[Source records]

lemma abs_monomial_le:
  fixes z :: "'e::euclidean_space"
  assumes "\<And>b. b \<in> Basis \<Longrightarrow> \<bar>z \<bullet> b\<bar> \<le> \<rho>"
  shows "\<bar>monomial k z\<bar> \<le> \<rho> ^ (\<Sum>b\<in>Basis. k b)"
proof -
  have "\<bar>monomial k z\<bar> = (\<Prod>b\<in>Basis. \<bar>z \<bullet> b\<bar> ^ k b)"
    unfolding monomial_def by (simp add: abs_prod power_abs)
  also have "\<dots> \<le> (\<Prod>b\<in>Basis. \<rho> ^ k b)"
    using assms by (intro prod_mono) (auto intro: power_mono)
  finally show ?thesis by (simp add: power_sum)
qed

lemma abs_monomial_except_le:
  fixes z :: "'e::euclidean_space"
  assumes "\<And>b. b \<in> Basis \<Longrightarrow> \<bar>z \<bullet> b\<bar> \<le> \<rho>"
  shows "\<bar>monomial_except b k z\<bar> \<le> \<rho> ^ (\<Sum>b'\<in>Basis - {b}. k b')"
proof -
  have "\<bar>monomial_except b k z\<bar> = (\<Prod>b'\<in>Basis - {b}. \<bar>z \<bullet> b'\<bar> ^ k b')"
    unfolding monomial_except_def by (simp add: abs_prod power_abs)
  also have "\<dots> \<le> (\<Prod>b'\<in>Basis - {b}. \<rho> ^ k b')"
    using assms by (intro prod_mono) (auto intro: power_mono)
  finally show ?thesis by (simp add: power_sum)
qed

lemma monomial_deriv_majorant:
  fixes b z :: "'e::euclidean_space"
  assumes b: "b \<in> Basis" and \<rho>: "\<rho> > 0" and z: "\<And>b'. b' \<in> Basis \<Longrightarrow> \<bar>z \<bullet> b'\<bar> \<le> \<rho>"
    and R: "0 \<le> R" "R \<le> 3 * \<rho> / 4"
  shows "real (k b) * R ^ (k b - 1) * \<bar>monomial_except b k z\<bar> \<le> 3 / \<rho> * \<rho> ^ (\<Sum>b'\<in>Basis. k b')"
proof (cases "k b")
  case 0
  then show ?thesis using \<rho> by simp
next
  case (Suc n)
  have "real (k b) * R ^ (k b - 1) \<le> real (k b) * (3 * \<rho> / 4) ^ (k b - 1)"
    using R by (intro mult_left_mono power_mono) auto
  also have "\<dots> = (real (k b) * (3/4) ^ (k b - 1)) * \<rho> ^ n"
    using Suc by (simp add: power_mult_distrib[symmetric] mult_ac)
  also have "\<dots> \<le> 3 * \<rho> ^ n"
    using of_nat_mult_three_quarters_power_le[of "k b"] \<rho> by (intro mult_right_mono) auto
  finally have A: "real (k b) * R ^ (k b - 1) \<le> 3 * \<rho> ^ n" .
  have "real (k b) * R ^ (k b - 1) * \<bar>monomial_except b k z\<bar>
      \<le> 3 * \<rho> ^ n * \<rho> ^ (\<Sum>b'\<in>Basis - {b}. k b')"
    using \<rho> by (intro mult_mono[OF A abs_monomial_except_le[OF z]]) auto
  also have "\<dots> = 3 / \<rho> * \<rho> ^ (\<Sum>b'\<in>Basis. k b')"
    using \<rho> b Suc by (simp add: sum.remove power_add field_simps)
  finally show ?thesis .
qed

lemma abs_monomial_deriv_le:
  fixes b z :: "'e::euclidean_space"
  assumes b: "b \<in> Basis" and \<rho>: "\<rho> > 0" and z: "\<And>b'. b' \<in> Basis \<Longrightarrow> \<bar>z \<bullet> b'\<bar> \<le> \<rho> / 2"
  shows "\<bar>monomial_deriv b k z\<bar> \<le> 3 / \<rho> * \<rho> ^ (\<Sum>b'\<in>Basis. k b')"
proof -
  have "\<bar>monomial_deriv b k z\<bar> = real (k b) * \<bar>z \<bullet> b\<bar> ^ (k b - 1) * \<bar>monomial_except b k z\<bar>"
    unfolding monomial_deriv_def by (simp add: abs_mult power_abs)
  also have "\<dots> \<le> 3 / \<rho> * \<rho> ^ (\<Sum>b'\<in>Basis. k b')"
  proof (rule monomial_deriv_majorant[OF b \<rho>])
    show "\<bar>z \<bullet> b'\<bar> \<le> \<rho>" if "b' \<in> Basis" for b' using z[OF that] \<rho> by linarith
    show "\<bar>z \<bullet> b\<bar> \<le> 3 * \<rho> / 4" using z[OF b] \<rho> by linarith
  qed simp
  finally show ?thesis .
qed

-- YOUR ASSIGNMENT --
Copy out only the lines running from the beginning of the data to the line with "unfolding monomial_def by", both ends included.

-- EXPECTED OUTPUT --
lemma abs_monomial_le:
  fixes z :: "'e::euclidean_space"
  assumes "\<And>b. b \<in> Basis \<Longrightarrow> \<bar>z \<bullet> b\<bar> \<le> \<rho>"
  shows "\<bar>monomial k z\<bar> \<le> \<rho> ^ (\<Sum>b\<in>Basis. k b)"
proof -
  have "\<bar>monomial k z\<bar> = (\<Prod>b\<in>Basis. \<bar>z \<bullet> b\<bar> ^ k b)"
    unfolding monomial_def by (simp add: abs_prod power_abs)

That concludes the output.